The U.K. election, the rollout of Hillary Clinton and the early rumblings in the campaign for the Republican presidential nomination.
Spring has brought with it a cloudburst of electoral politics, but voters appear to be in a state of hibernation.
Other than the buzz surrounding the Scottish nationalist leader Nicola Sturgeon, the U.K. campaign appears to be limping towards an anti-climactic conclusion.
Dynastic showdown in U.S. On this side of the Atlantic, the prospect of the race for the White House turning into a dynastic showdown between the Clintons and Bushes — families that between them have had tenancy for 20 of the past 27 years — is not for many voters particularly enticing.
Recently elected politicians have found it hard to dominate.
The global economic downturn has been accompanied by a global democratic downturn.
In America, the malaise is evident in public disaffection with Washington, which has reached historically high levels.

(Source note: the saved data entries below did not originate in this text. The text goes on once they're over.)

lemma backward_diff_gbinomial_quotient:
  assumes "s \<le> i" and "i \<le> 2 * s" and "j \<le> s"
  shows "fact s / fact (s - j)
           * backward_diff (2 * s - i) (\<lambda>y. gbinomial_quotient j (s - j) (y - real j - 1)) (real (2 * s))
       = (\<Sum>t = 1..s - j. (-1) ^ (t + 1) / real t
              * ((real i - real j - 1) gchoose (s + t - 1)) * real (s choose (t - 1))
              / real ((s - j) choose t))"
proof -
  define m n a where "m = s - j" and "n = 2 * s - i" and "a = i - j - 1"
  have s: "s = m + j"
    using assms unfolding m_def by simp
  have expand: "(\<lambda>y. gbinomial_quotient j m (y - real j - 1))
      = (\<lambda>y. \<Sum>u<m. (-1)^(m - u + 1) * (fact u / fact (u + j + 1)) * ((y - (real j + 1)) gchoose u))"
    unfolding gbinomial_quotient_def by (simp add: algebra_simps)
  have "fact s / fact m * backward_diff n (\<lambda>y. gbinomial_quotient j m (y - real j - 1)) (real (2 * s))
      = (\<Sum>u<m. fact s / fact m * ((-1)^(m - u + 1) * (fact u / fact (u + j + 1)))
           * (if n \<le> u then (real (2 * s) - (real j + 1) - real n) gchoose (u - n) else 0))"
    unfolding expand backward_diff_sum backward_diff_gbinomial by (simp add: sum_distrib_left mult.assoc)
  also have "\<dots> = (\<Sum>t = 1..m. fact s / fact m * ((-1)^(t + 1) * (fact (m - t) / fact (m - t + j + 1)))
           * (if n \<le> m - t then (real (2 * s) - (real j + 1) - real n) gchoose (m - t - n) else 0))"
    by (rule sum.reindex_bij_witness[of _ "\<lambda>t. m - t" "\<lambda>t. m - t"]) auto
  also have "\<dots> = (\<Sum>t = 1..m. (-1) ^ (t + 1) / real t
              * ((real i - real j - 1) gchoose (s + t - 1)) * real (s choose (t - 1))
              / real (m choose t))"
  proof (rule sum.cong[OF refl])
    fix t
    assume "t \<in> {1..m}"
    then have t: "0 < t" "t \<le> m"
      by auto
    then have a: "real (2 * s) - (real j + 1) - real n = real a" "real i - real j - 1 = real a"
      and "m - t \<le> a + n" and "a + n - (m - t) = s + t - 1"
      using assms unfolding a_def m_def n_def by auto
    then have choose_eq: "(if n \<le> m - t then real a gchoose (m - t - n) else 0) = real a gchoose (s + t - 1)"
      using gbinomial_of_nat_shifted_symmetric by metis
    have "fact s / fact m * ((-1)^(t + 1) * (fact (m - t) / fact (m - t + j + 1)))
        = (-1::real)^(t + 1) * (fact (m + j) / fact m * (fact (m - t) / fact (m - t + j + 1)))"
      unfolding s by (rule mult.left_commute)
    also have "\<dots> = (-1)^(t + 1) * (real (s choose (t - 1)) / (real t * real (m choose t)))"
      unfolding fact_quotient_eq_binomial_quotient[OF t] s ..
    finally show "fact s / fact m * ((-1)^(t + 1) * (fact (m - t) / fact (m - t + j + 1)))
           * (if n \<le> m - t then (real (2 * s) - (real j + 1) - real n) gchoose (m - t - n) else 0)
        = (-1) ^ (t + 1) / real t * ((real i - real j - 1) gchoose (s + t - 1))
           * real (s choose (t - 1)) / real (m choose t)"
      unfolding a choose_eq by simp
  qed
  finally show ?thesis
    unfolding m_def n_def .
qed

(* The hypothesis keeps the sample points x - t away from the pole y = 0, where x / 0 = 0 would
   break the partial fraction. *)
lemma backward_diff_gbinomial_divide:
  assumes "\<And>t. t \<le> n \<Longrightarrow> x \<noteq> real t"
  shows "backward_diff n (\<lambda>y. ((y - real j - 1) gchoose m) / y) x
     = fact (m + j) / fact m * backward_diff n (\<lambda>y. gbinomial_quotient j m (y - real j - 1)) x
       + (-1)^m * real ((m + j) choose j) * backward_diff n (\<lambda>y. 1 / y) x"
proof -
  have "backward_diff n (\<lambda>y. ((y - real j - 1) gchoose m) / y) x
      = backward_diff n (\<lambda>y. fact (m + j) / fact m * gbinomial_quotient j m (y - real j - 1)
                              + (-1)^m * real ((m + j) choose j) * (1 / y)) x"
  proof (rule backward_diff_cong)
    fix t
    assume "t \<le> n"
    then have "(x - real t - real j - 1) + real j + 1 \<noteq> 0"
      using assms by simp
    from gbinomial_divide_partial_fraction[OF this, of m] show
      "((x - real t - real j - 1) gchoose m) / (x - real t)
       = fact (m + j) / fact m * gbinomial_quotient j m (x - real t - real j - 1)
         + (-1)^m * real ((m + j) choose j) * (1 / (x - real t))"
      by simp
  qed
  then show ?thesis
    by (simp only: backward_diff_linear)
qed

lemma binomial_times_backward_diff_inverse:
  assumes "s \<le> i" and "i \<le> 2 * s" and "j \<le> s" and "0 < i"
  shows "(-1)^(s - j) * real (s choose j) * backward_diff (2 * s - i) (\<lambda>y. 1 / y) (real (2 * s))
       = (-1) ^ (s + i + j) / real i * real (s choose j) / real ((2 * s) choose i)"
proof -
  have "(s - j) + (2 * s - i) + 2 * (i + j - s) = s + i + j"
    using assms by simp
  then have "(-1::real) ^ (s + i + j) = (-1)^(s - j) * (-1)^(2 * s - i) * ((-1)^2)^(i + j - s)"
    by (metis power_add power_mult)
  then have sign: "(-1::real) ^ (s + i + j) = (-1)^(s - j) * (-1)^(2 * s - i)"
    by simp
  show ?thesis
    unfolding sign backward_diff_inverse_of_nat[OF assms(4,2)] by simp
qed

Last year, a Gallup poll suggested that just seven per cent of Americans had confidence in Congress, a record low.
Confidence in the presidency also slumped to 29 per cent, a six-year low.
In Britain, voter turnout, historically speaking, is also low — 65.1 per cent in 2010 compared with the high point of 83.9 per cent in 1950 (although the nadir came in 2001, when it slipped for the first time below 60 per cent).
So what explains this political recession?
Careerist politicians Across the democratic world, a gap has unquestionably opened up between a cadre of careerist politicians and the people they represent.
In Britain, it is particularly marked. David Cameron and Ed Miliband are essentially professional politicians, who decided to make Westminster the target of their ambitions early on and rarely deviated from that path.
Professional politicians tend to be surrounded by political professionals: spin doctors, image-makers and polling experts.
Yet their efforts at making candidates electorally appealing often have the effect of making them seem phony.
At a time when so much seems choreographed and prefabricated, voters crave authenticity in their politicians, which may be why Nicola Sturgeon has been the undoubted star of the U.K. campaign.
Not only does she come across as being comfortable in her own skin, but finds it easy to explain why she entered politics.
She was motivated by a hatred of Thatcherism and a determination to win independence for Scotland.
The political passions of her opponents — what made them enter politics in the first place — are not so easily identifiable.
To many voters, they seem more self-serving. Conviction politicians have arguably become something of an endangered species.
Thanks largely to the web, never before has the planet been so interconnected.
But the evidence from around the democratic world, from turnout at elections to political participation in between, suggests that rarely before in the age of universal suffrage have politicians seemed so disconnected.